Exercise material:
theorem theorem3p4:
  fixes N :: nat and \<kappa> c1 c2 La :: real and a :: "real \<Rightarrow> real"
    and x0 v0 :: "nat \<Rightarrow> real ^ 'd"
  assumes N: "N \<ge> 1"
    and kappa: "\<kappa> > 0"
    and c: "0 < c1" "c1 \<le> c2"
    and a_bd: "\<And>r. r \<ge> 0 \<Longrightarrow> c1 \<le> a r \<and> a r \<le> c2"
    and La: "La > 0"
    and a_lip: "\<And>r1 r2. r1 \<ge> 0 \<Longrightarrow> r2 \<ge> 0 \<Longrightarrow> \<bar>a r1 - a r2\<bar> \<le> La * \<bar>r1 - r2\<bar>"
    and init_x: "frob_diff N x0 < M_const N c1 c2 La"
    and init_v: "frob_diff N v0 < \<kappa> * integral {frob_diff N x0 .. M_const N c1 c2 La} (psi N c1 c2 La)"
  shows "(\<forall>h X V. 0 < h \<and> h < min 1 (1 / \<kappa>) \<and> MT_solution N \<kappa> h a X V
            \<and> (\<forall>i<N. X 0 i = x0 i \<and> V 0 i = v0 i)
            \<longrightarrow> (\<forall>n. frob_diff N (X n) \<le> M_const N c1 c2 La))
       \<and> (\<forall>C. 0 < C \<and> C < 1 \<longrightarrow>
           (\<exists>h0 > 0. \<forall>h X V. 0 < h \<and> h < h0 \<and> h < min 1 (1 / \<kappa>) \<and> MT_solution N \<kappa> h a X V
               \<and> (\<forall>i<N. X 0 i = x0 i \<and> V 0 i = v0 i)
               \<longrightarrow> (\<forall>n. frob_diff N (V n) \<le> frob_diff N v0 *
                     exp (- C * \<kappa> * psi N c1 c2 La (M_const N c1 c2 La) * real n * h))))"
proof -
  interpret MT_communication N c1 c2 La a
    using N c(1) La a_bd a_lip by unfold_locales auto
  have bounds: "frob_diff N (X n) \<le> M_const N c1 c2 La \<and>
      frob_diff N (V n) \<le> frob_diff N v0 * exp (- \<kappa> * psi N c1 c2 La (M_const N c1 c2 La) * real n * h)"
    if "0 < h \<and> h < min 1 (1 / \<kappa>) \<and> MT_solution N \<kappa> h a X V \<and> (\<forall>i<N. X 0 i = x0 i \<and> V 0 i = v0 i)"
    for h and X V :: "nat \<Rightarrow> nat \<Rightarrow> real ^ 'd" and n
  proof -
    from that have sol: "MT_solution N \<kappa> h a X V" and "0 \<le> h" and "h * \<kappa> \<le> 1"
      using kappa by (auto simp: field_simps)
    have X0: "frob_diff N (X 0) = frob_diff N x0" and V0: "frob_diff N (V 0) = frob_diff N v0"
      using that by (auto intro: frob_diff_cong)
    have diameter: "frob_diff N (X m) \<le> M_const N c1 c2 La" for m
      by (rule MT_solution_diameter_le[OF sol kappa \<open>0 \<le> h\<close> \<open>h * \<kappa> \<le> 1\<close>])
        (use X0 V0 init_x init_v in simp_all)
    show ?thesis
      using diameter MT_solution_velocity_decay[OF sol kappa \<open>0 \<le> h\<close> \<open>h * \<kappa> \<le> 1\<close> diameter] V0
      by simp
  qed
  have rate_mono: "exp (- \<kappa> * psi N c1 c2 La (M_const N c1 c2 La) * real n * h)
      \<le> exp (- C * \<kappa> * psi N c1 c2 La (M_const N c1 c2 La) * real n * h)"
    if "0 < C" "C < 1" "0 < h" for C h :: real and n
    using that kappa mult_left_le_one_le[of "\<kappa> * (3 / 4) * real n * h" C]
    by (simp add: psi_M_const mult_ac)
  show ?thesis
  proof (intro conjI allI impI)
    fix C :: real
    assume "0 < C \<and> C < 1"
    then have "frob_diff N (V n)
        \<le> frob_diff N v0 * exp (- C * \<kappa> * psi N c1 c2 La (M_const N c1 c2 La) * real n * h)"
      if "0 < h \<and> h < min 1 (1 / \<kappa>) \<and> MT_solution N \<kappa> h a X V \<and> (\<forall>i<N. X 0 i = x0 i \<and> V 0 i = v0 i)"
      for h X V n
      using bounds[OF that] rate_mono that frob_diff_nonneg[of N v0] by (meson mult_left_mono order_trans)
    \<comment> \<open>The standing bound h < 1/\<kappa> is already small enough, so any h0 works.\<close>
    then show "\<exists>h0>0. \<forall>h X V. 0 < h \<and> h < h0 \<and> h < min 1 (1 / \<kappa>) \<and> MT_solution N \<kappa> h a X V
        \<and> (\<forall>i<N. X 0 i = x0 i \<and> V 0 i = v0 i)
        \<longrightarrow> (\<forall>n. frob_diff N (V n) \<le> frob_diff N v0 *
              exp (- C * \<kappa> * psi N c1 c2 La (M_const N c1 c2 La) * real n * h))"
      by (intro exI[of _ "1 :: real"] conjI zero_less_one) blast
  qed (use bounds in blast)
qed

end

Problem to solve: Every entry needs to be written out again, exactly as given.

Exercise solution:
theorem theorem3p4:
  fixes N :: nat and \<kappa> c1 c2 La :: real and a :: "real \<Rightarrow> real"
    and x0 v0 :: "nat \<Rightarrow> real ^ 'd"
  assumes N: "N \<ge> 1"
    and kappa: "\<kappa> > 0"
    and c: "0 < c1" "c1 \<le> c2"
    and a_bd: "\<And>r. r \<ge> 0 \<Longrightarrow> c1 \<le> a r \<and> a r \<le> c2"
    and La: "La > 0"
    and a_lip: "\<And>r1 r2. r1 \<ge> 0 \<Longrightarrow> r2 \<ge> 0 \<Longrightarrow> \<bar>a r1 - a r2\<bar> \<le> La * \<bar>r1 - r2\<bar>"
    and init_x: "frob_diff N x0 < M_const N c1 c2 La"
    and init_v: "frob_diff N v0 < \<kappa> * integral {frob_diff N x0 .. M_const N c1 c2 La} (psi N c1 c2 La)"
  shows "(\<forall>h X V. 0 < h \<and> h < min 1 (1 / \<kappa>) \<and> MT_solution N \<kappa> h a X V
            \<and> (\<forall>i<N. X 0 i = x0 i \<and> V 0 i = v0 i)
            \<longrightarrow> (\<forall>n. frob_diff N (X n) \<le> M_const N c1 c2 La))
       \<and> (\<forall>C. 0 < C \<and> C < 1 \<longrightarrow>
           (\<exists>h0 > 0. \<forall>h X V. 0 < h \<and> h < h0 \<and> h < min 1 (1 / \<kappa>) \<and> MT_solution N \<kappa> h a X V
               \<and> (\<forall>i<N. X 0 i = x0 i \<and> V 0 i = v0 i)
               \<longrightarrow> (\<forall>n. frob_diff N (V n) \<le> frob_diff N v0 *
                     exp (- C * \<kappa> * psi N c1 c2 La (M_const N c1 c2 La) * real n * h))))"
proof -
  interpret MT_communication N c1 c2 La a
    using N c(1) La a_bd a_lip by unfold_locales auto
  have bounds: "frob_diff N (X n) \<le> M_const N c1 c2 La \<and>
      frob_diff N (V n) \<le> frob_diff N v0 * exp (- \<kappa> * psi N c1 c2 La (M_const N c1 c2 La) * real n * h)"
    if "0 < h \<and> h < min 1 (1 / \<kappa>) \<and> MT_solution N \<kappa> h a X V \<and> (\<forall>i<N. X 0 i = x0 i \<and> V 0 i = v0 i)"
    for h and X V :: "nat \<Rightarrow> nat \<Rightarrow> real ^ 'd" and n
  proof -
    from that have sol: "MT_solution N \<kappa> h a X V" and "0 \<le> h" and "h * \<kappa> \<le> 1"
      using kappa by (auto simp: field_simps)
    have X0: "frob_diff N (X 0) = frob_diff N x0" and V0: "frob_diff N (V 0) = frob_diff N v0"
      using that by (auto intro: frob_diff_cong)
    have diameter: "frob_diff N (X m) \<le> M_const N c1 c2 La" for m
      by (rule MT_solution_diameter_le[OF sol kappa \<open>0 \<le> h\<close> \<open>h * \<kappa> \<le> 1\<close>])
        (use X0 V0 init_x init_v in simp_all)
    show ?thesis
      using diameter MT_solution_velocity_decay[OF sol kappa \<open>0 \<le> h\<close> \<open>h * \<kappa> \<le> 1\<close> diameter] V0
      by simp
  qed
  have rate_mono: "exp (- \<kappa> * psi N c1 c2 La (M_const N c1 c2 La) * real n * h)
      \<le> exp (- C * \<kappa> * psi N c1 c2 La (M_const N c1 c2 La) * real n * h)"
    if "0 < C" "C < 1" "0 < h" for C h :: real and n
    using that kappa mult_left_le_one_le[of "\<kappa> * (3 / 4) * real n * h" C]
    by (simp add: psi_M_const mult_ac)
  show ?thesis
  proof (intro conjI allI impI)
    fix C :: real
    assume "0 < C \<and> C < 1"
    then have "frob_diff N (V n)
        \<le> frob_diff N v0 * exp (- C * \<kappa> * psi N c1 c2 La (M_const N c1 c2 La) * real n * h)"
      if "0 < h \<and> h < min 1 (1 / \<kappa>) \<and> MT_solution N \<kappa> h a X V \<and> (\<forall>i<N. X 0 i = x0 i \<and> V 0 i = v0 i)"
      for h X V n
      using bounds[OF that] rate_mono that frob_diff_nonneg[of N v0] by (meson mult_left_mono order_trans)
    \<comment> \<open>The standing bound h < 1/\<kappa> is already small enough, so any h0 works.\<close>
    then show "\<exists>h0>0. \<forall>h X V. 0 < h \<and> h < h0 \<and> h < min 1 (1 / \<kappa>) \<and> MT_solution N \<kappa> h a X V
        \<and> (\<forall>i<N. X 0 i = x0 i \<and> V 0 i = v0 i)
        \<longrightarrow> (\<forall>n. frob_diff N (V n) \<le> frob_diff N v0 *
              exp (- C * \<kappa> * psi N c1 c2 La (M_const N c1 c2 La) * real n * h))"
      by (intro exI[of _ "1 :: real"] conjI zero_less_one) blast
  qed (use bounds in blast)
qed

end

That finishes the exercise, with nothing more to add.